Department of Anesthesiology, University of North Carolina at Chapel Hill, Chapel Hill, North Carolina 27599-7010, USA.
Anesthesiology. 2012 Apr;116(4):896-902. doi: 10.1097/ALN.0b013e31824b96a1.
Preclinical studies suggest that opioids may promote tumor growth. Genetic polymorphisms have been shown to affect opioid receptor function and to modify the clinical effects of morphine. In this study we assessed the association between six common polymorphisms in the μ-opioid receptor gene, including the well known A118G polymorphism, and breast cancer survival.
A total of 2,039 women ages 23-74 yr (38% African-American, 62% European-American, 55% postmenopausal) diagnosed with breast cancer between 1993-2001 were followed through 2006. Genotyping was performed using the TaqMan platform (Applied Biosystems Inc., Foster City, CA). Kaplan-Meier curves, log-rank tests, and Cox proportional hazard models were used to examine the association between each genotype and survival.
After Bonferroni correction for multiple testing, patient genotype at A118G was associated with breast cancer-specific mortality at 10 yr. Women with one or more copies of the G allele had decreased breast cancer-specific mortality (P < 0.001). This association was limited to invasive cases only; effect size appeared to increase with clinical stage. Cox regression model adjusted for age and ethnicity also showed decreased mortality in A/G and G/G genotypes compared with A/A genotype (hazard ratio = 0.57 [0.38, 0.85] and 0.32 [0.22, 0.49], respectively; P = 0.006).
These results suggest that opioid pathways may be involved in tumor growth. Further studies examining the association between genetic variants influencing opioid system function and cancer survival are warranted.
临床前研究表明阿片类药物可能促进肿瘤生长。遗传多态性已被证明影响阿片受体功能,并改变吗啡的临床效果。在这项研究中,我们评估了μ-阿片受体基因中 6 个常见多态性(包括众所周知的 A118G 多态性)与乳腺癌生存之间的关系。

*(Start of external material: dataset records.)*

lemma coeff_scaled_rising_poly:
  "coeff (scaled_rising_poly L N) k = L ^ k * of_nat (stirling N k)"
proof (induction N arbitrary: k)
  case 0
  then show ?case by (cases k) (simp_all add: scaled_rising_poly_def)
next
  case (Suc N)
  have "of_nat N * of_nat (stirling N 0) = (0 :: 'a)"
    by (cases N) simp_all
  then show ?case
    by (cases k) (simp_all add: scaled_rising_poly_Suc mult_pCons_right coeff_pCons Suc.IH
        algebra_simps)
qed

lemma scaled_rising_poly_add:
  "scaled_rising_poly L (N + K) = scaled_rising_poly L N * (\<Prod>j<K. [:of_nat (N + j), L:])"
  by (induction K) (simp_all only: scaled_rising_poly_def add_Suc_right add_0_right
      prod.lessThan_Suc lessThan_0 prod.empty mult_1_right mult.assoc)

lemma scaled_rising_poly_double:
  assumes "of_nat N = L * M"
  shows "scaled_rising_poly L (2 * N) =
           scaled_rising_poly L N * pcompose (scaled_rising_poly L N) [:M, 1:]"
proof -
  have "pcompose [:of_nat j, L:] [:M, 1:] = [:of_nat (N + j), L:]" for j
    using assms by (simp add: pcompose_pCons algebra_simps)
  then show ?thesis
    unfolding mult_2 scaled_rising_poly_add by (simp add: pcompose_prod scaled_rising_poly_def)
qed

lemma scaled_rising_poly_double_scale:
  "scaled_rising_poly (2 * L) (2 * N) =
     smult (2 ^ N) (scaled_rising_poly L N) * (\<Prod>j<N. [:2 * of_nat j + 1, 2 * L:])"
proof (induction N)
  case 0
  then show ?case by (simp add: scaled_rising_poly_def)
next
  case (Suc N)
  have "2 * Suc N = Suc (Suc (2 * N))"
    by simp
  then have "scaled_rising_poly (2 * L) (2 * Suc N) =
      scaled_rising_poly (2 * L) (2 * N) * [:of_nat (2 * N), 2 * L:] *
        [:of_nat (Suc (2 * N)), 2 * L:]"
    by (simp only: scaled_rising_poly_Suc)
  also have "[:of_nat (2 * N), 2 * L:] = smult 2 [:of_nat N, L:]"
    by simp
  also have "of_nat (Suc (2 * N)) = 2 * of_nat N + (1 :: 'a)"
    by (simp add: add.commute)
  finally show ?case
    unfolding Suc.IH by (simp only: scaled_rising_poly_Suc prod.lessThan_Suc power_Suc
        mult_smult_left mult_smult_right smult_smult ac_simps)
qed

definition pow2_form :: "nat \<Rightarrow> int poly \<Rightarrow> bool" where
  "pow2_form m Q \<longleftrightarrow>
     (\<exists>a u R. odd u \<and> Q = smult (2 ^ a) (smult u ([:0, -1, 1:] ^ 2 ^ m) + smult (2 ^ m) R))"

lemma pow2_formI:
  "odd u \<Longrightarrow> Q = smult (2 ^ a) (smult u ([:0, -1, 1:] ^ 2 ^ m) + smult (2 ^ m) R) \<Longrightarrow>
     pow2_form m Q"
  unfolding pow2_form_def by blast

lemma odd_linear_prod_mod2:
  "\<exists>c S. odd c \<and> (\<Prod>j<N. [:2 * int j + 1, 2 * L:]) = [:c:] + smult 2 S"
proof (induction N)
  case 0
  show ?case by (rule exI[of _ 1], rule exI[of _ 0]) simp
next
  case (Suc N)
  then obtain c S
    where "odd c" and S: "(\<Prod>j<N. [:2 * int j + 1, 2 * L:]) = [:c:] + smult 2 S"
    by blast
  define d where "d = 2 * int N + 1"
  have "(\<Prod>j<Suc N. [:2 * int j + 1, 2 * L:]) =
      ([:c:] + smult 2 S) * ([:d:] + smult 2 [:0, L:])"
    by (simp add: S d_def)
  also have "\<dots> = [:c * d:] + smult 2 (smult c [:0, L:] + S * [:d, 2 * L:])"
    by (simp add: algebra_simps smult_add_right)
  finally show ?case
    using \<open>odd c\<close> by (intro exI[of _ "c * d"] exI) (simp add: d_def)
qed

lemma pow2_form_1_mult:
  assumes "pow2_form 1 Q" and "odd c"
  shows "pow2_form 1 (smult (2 ^ b) Q * ([:c:] + smult 2 S))"
proof -
  obtain a u R where "odd u" and Q: "Q = smult (2 ^ a) (smult u ([:0, -1, 1:] ^ 2) + smult 2 R)"
    using assms(1) unfolding pow2_form_def by auto
  have "smult (2 ^ b) (smult (2 ^ a) (smult u W + smult 2 R)) * ([:c:] + smult 2 S) =
      smult (2 ^ (b + a)) (smult (u * c) W + smult (2 ^ 1)
        (smult c R + smult u (W * S) + smult 2 (R * S)))" for W :: "int poly"
    by (simp add: algebra_simps smult_add_right power_add)
  then show ?thesis
    using \<open>odd u\<close> \<open>odd c\<close> unfolding Q by (intro pow2_formI) auto
qed

lemma pow2_form_1_scaled_rising_poly: "pow2_form 1 (scaled_rising_poly (2 ^ e) (2 ^ (e + 2)))"
proof (induction e)
  case 0
  have "scaled_rising_poly (1 :: int) 4 = [:0, 1, 1:] * [:2, 1:] * [:3, 1:]"
    by (simp add: scaled_rising_poly_def numeral_eq_Suc)
  also have "\<dots> = smult (2 ^ 0) (smult 1 ([:0, -1, 1:] ^ 2 ^ 1) + smult (2 ^ 1) [:0, 3, 5, 4:])"
    by (simp add: power2_eq_square)
  finally show ?case
    by (intro pow2_formI[where u = 1 and a = 0 and R = "[:0, 3, 5, 4:]"]) simp_all
next
  case (Suc e)
  obtain c S where "odd c"
    and S: "(\<Prod>j<2 ^ (e + 2). [:2 * int j + 1, 2 * 2 ^ e:]) = [:c:] + smult 2 S"
    using odd_linear_prod_mod2 by blast
  have "scaled_rising_poly (2 ^ Suc e) (2 ^ (Suc e + 2)) =
      smult (2 ^ 2 ^ (e + 2)) (scaled_rising_poly (2 ^ e) (2 ^ (e + 2))) * ([:c:] + smult 2 S)"
    using scaled_rising_poly_double_scale[of "2 ^ e :: int" "2 ^ (e + 2)"] unfolding S by simp
  then show ?case
    using pow2_form_1_mult[OF Suc.IH \<open>odd c\<close>] by simp
qed

lemma pcompose_translate_eq:
  fixes p :: "'a::comm_ring_1 poly"
  shows "\<exists>T. pcompose p [:M, 1:] = p + smult M T"
proof (induction p)
  case 0
  show ?case by (rule exI[of _ 0]) simp
next
  case (pCons a p)
  then obtain T where "pcompose p [:M, 1:] = p + smult M T"
    by blast
  then have "pcompose (pCons a p) [:M, 1:] =
      pCons a p + smult M (pcompose p [:M, 1:] + pCons 0 T)"
    by (simp add: pcompose_pCons algebra_simps smult_add_right)
  then show ?case
    by blast
qed

lemma pow2_form_mult_translate:
  assumes "pow2_form (Suc k) Q"
  shows "pow2_form (Suc (Suc k)) (Q * pcompose Q [:2 ^ Suc (Suc k), 1:])"
proof -
  define W where "W = [:0, -1, 1 :: int:] ^ 2 ^ Suc k"
  define M :: int where "M = 2 ^ Suc (Suc k)"
  obtain a u R where "odd u" and Q: "Q = smult (2 ^ a) (smult u W + smult (2 ^ Suc k) R)"
    using assms unfolding pow2_form_def W_def by blast
  define P where "P = smult u W + smult (2 ^ Suc k) R"
  obtain C where C: "pcompose P [:M, 1:] = P + smult M C"
    using pcompose_translate_eq by blast
  have "Q = smult (2 ^ a) P"
    by (simp add: Q P_def)
  then have "Q * pcompose Q [:M, 1:] = smult (2 ^ (a + a)) (P * P + smult M (P * C))"
    by (simp add: pcompose_smult C power_add distrib_left smult_add_right mult_ac)
  also have "P * P = smult (u * u) (W * W) + smult M (smult u (W * R) + smult (2 ^ k) (R * R))"
    by (simp add: P_def M_def algebra_simps smult_add_right numeral_poly)
  finally have "Q * pcompose Q [:M, 1:] = smult (2 ^ (a + a))
      (smult (u * u) (W * W) + smult M (smult u (W * R) + smult (2 ^ k) (R * R) + P * C))"
    by (simp add: smult_add_right)
  moreover have "W * W = [:0, -1, 1:] ^ 2 ^ Suc (Suc k)"
    unfolding W_def by (simp only: power_Suc mult_2 power_add)
  ultimately show ?thesis
    using \<open>odd u\<close> unfolding M_def by (intro pow2_formI) auto
qed

lemma pow2_form_scaled_rising_poly:
  "pow2_form (Suc k) (scaled_rising_poly (2 ^ e) (2 ^ (e + k + 2)))"
proof (induction k)
  case 0
  show ?case using pow2_form_1_scaled_rising_poly[of e] by simp
next
  case (Suc k)
  have "of_nat (2 ^ (e + k + 2)) = (2 ^ e :: int) * 2 ^ Suc (Suc k)"
    by (simp add: power_add)
  from scaled_rising_poly_double[OF this]
  show ?case
    using pow2_form_mult_translate[OF Suc.IH] by (simp add: ac_simps)
qed

lemma even_binomial_pow2:
  assumes "0 < c" and "c < 2 ^ m"
  shows "even ((2 :: nat) ^ m choose c)"
proof (rule ccontr)
  assume "odd ((2 :: nat) ^ m choose c)"
  then have "coprime ((2 :: nat) ^ m) (2 ^ m choose c)"
    by simp
  moreover have "(2 :: nat) ^ m dvd c * (2 ^ m choose c)"
    using times_binomial_minus1_eq[OF \<open>0 < c\<close>, of "2 ^ m"] by simp
  ultimately have "(2 :: nat) ^ m dvd c"
    using coprime_dvd_mult_left_iff by blast
  then show False
    using assms by (simp add: nat_dvd_not_less)
qed

lemma odd_binomial_pow2_minus_1:
  "c < 2 ^ m \<Longrightarrow> odd ((2 :: nat) ^ m - 1 choose c)"
proof (induction c)
  case 0
  show ?case by simp
next
  case (Suc c)
  have "(2 :: nat) ^ m choose Suc c = (2 ^ m - 1 choose c) + (2 ^ m - 1 choose Suc c)"
    using binomial_Suc_Suc[of "2 ^ m - 1" c] by simp
  then show ?case
    using Suc even_binomial_pow2[of "Suc c" m] by auto
qed

lemma pow2_not_dvd_binomial_pow2:
  assumes "0 < m" and "even b" and "b < 2 ^ m"
  shows "\<not> (2 :: nat) ^ m dvd (2 ^ m choose b)"
proof
  assume dvd: "(2 :: nat) ^ m dvd (2 ^ m choose b)"
  show False
  proof (cases "b = 0")
    case True
    then show False using dvd \<open>0 < m\<close> by simp
  next
    case False
    have "b * (2 ^ m choose b) = 2 ^ m * (2 ^ m - 1 choose (b - 1))"
      using times_binomial_minus1_eq[of b "2 ^ m"] False by simp
    moreover have "(2 :: nat) * 2 ^ m dvd b * (2 ^ m choose b)"
      using dvd \<open>even b\<close> by (simp add: mult_dvd_mono)
    ultimately have "even (2 ^ m - 1 choose (b - 1))"
      by simp
    moreover have "b - 1 < 2 ^ m"
      using \<open>b < 2 ^ m\<close> by linarith
    ultimately show False
      using odd_binomial_pow2_minus_1 by blast
  qed
qed

lemma coeff_x2_minus_x_power:
  assumes "b \<le> n"
  shows "coeff ([:0, -1, 1 :: int:] ^ n) (n + b) = (-1) ^ (n - b) * int (n choose b)"
proof -
  have "[:0, -1, 1 :: int:] ^ n = monom 1 n * [:-1, 1:] ^ n"
    by (simp add: monom_altdef flip: power_mult_distrib)
  then show ?thesis
    using coeff_linear_poly_power[OF assms, of "-1 :: int" 1] by (simp add: coeff_monom_mult)
qed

共纳入 2039 名年龄在 23-74 岁之间(38%为非裔美国人,62%为欧裔美国人,55%为绝经后)的乳腺癌患者,于 1993-2001 年确诊,随访至 2006 年。采用 TaqMan 平台(Applied Biosystems Inc.,Foster City,CA)进行基因分型。Kaplan-Meier 曲线、对数秩检验和 Cox 比例风险模型用于检验每种基因型与生存之间的关系。
经过多次检验的 Bonferroni 校正后,患者 A118G 基因型与 10 年乳腺癌特异性死亡率相关。携带 G 等位基因的女性乳腺癌特异性死亡率降低(P < 0.001)。这种相关性仅局限于浸润性病例;效应大小似乎随临床分期而增加。调整年龄和种族的 Cox 回归模型也显示 A/G 和 G/G 基因型与 A/A 基因型相比,死亡率降低(危险比=0.57 [0.38, 0.85] 和 0.32 [0.22, 0.49],P = 0.006)。
这些结果表明阿片类药物途径可能参与肿瘤生长。进一步研究检查影响阿片系统功能的遗传变异与癌症生存之间的关系是必要的。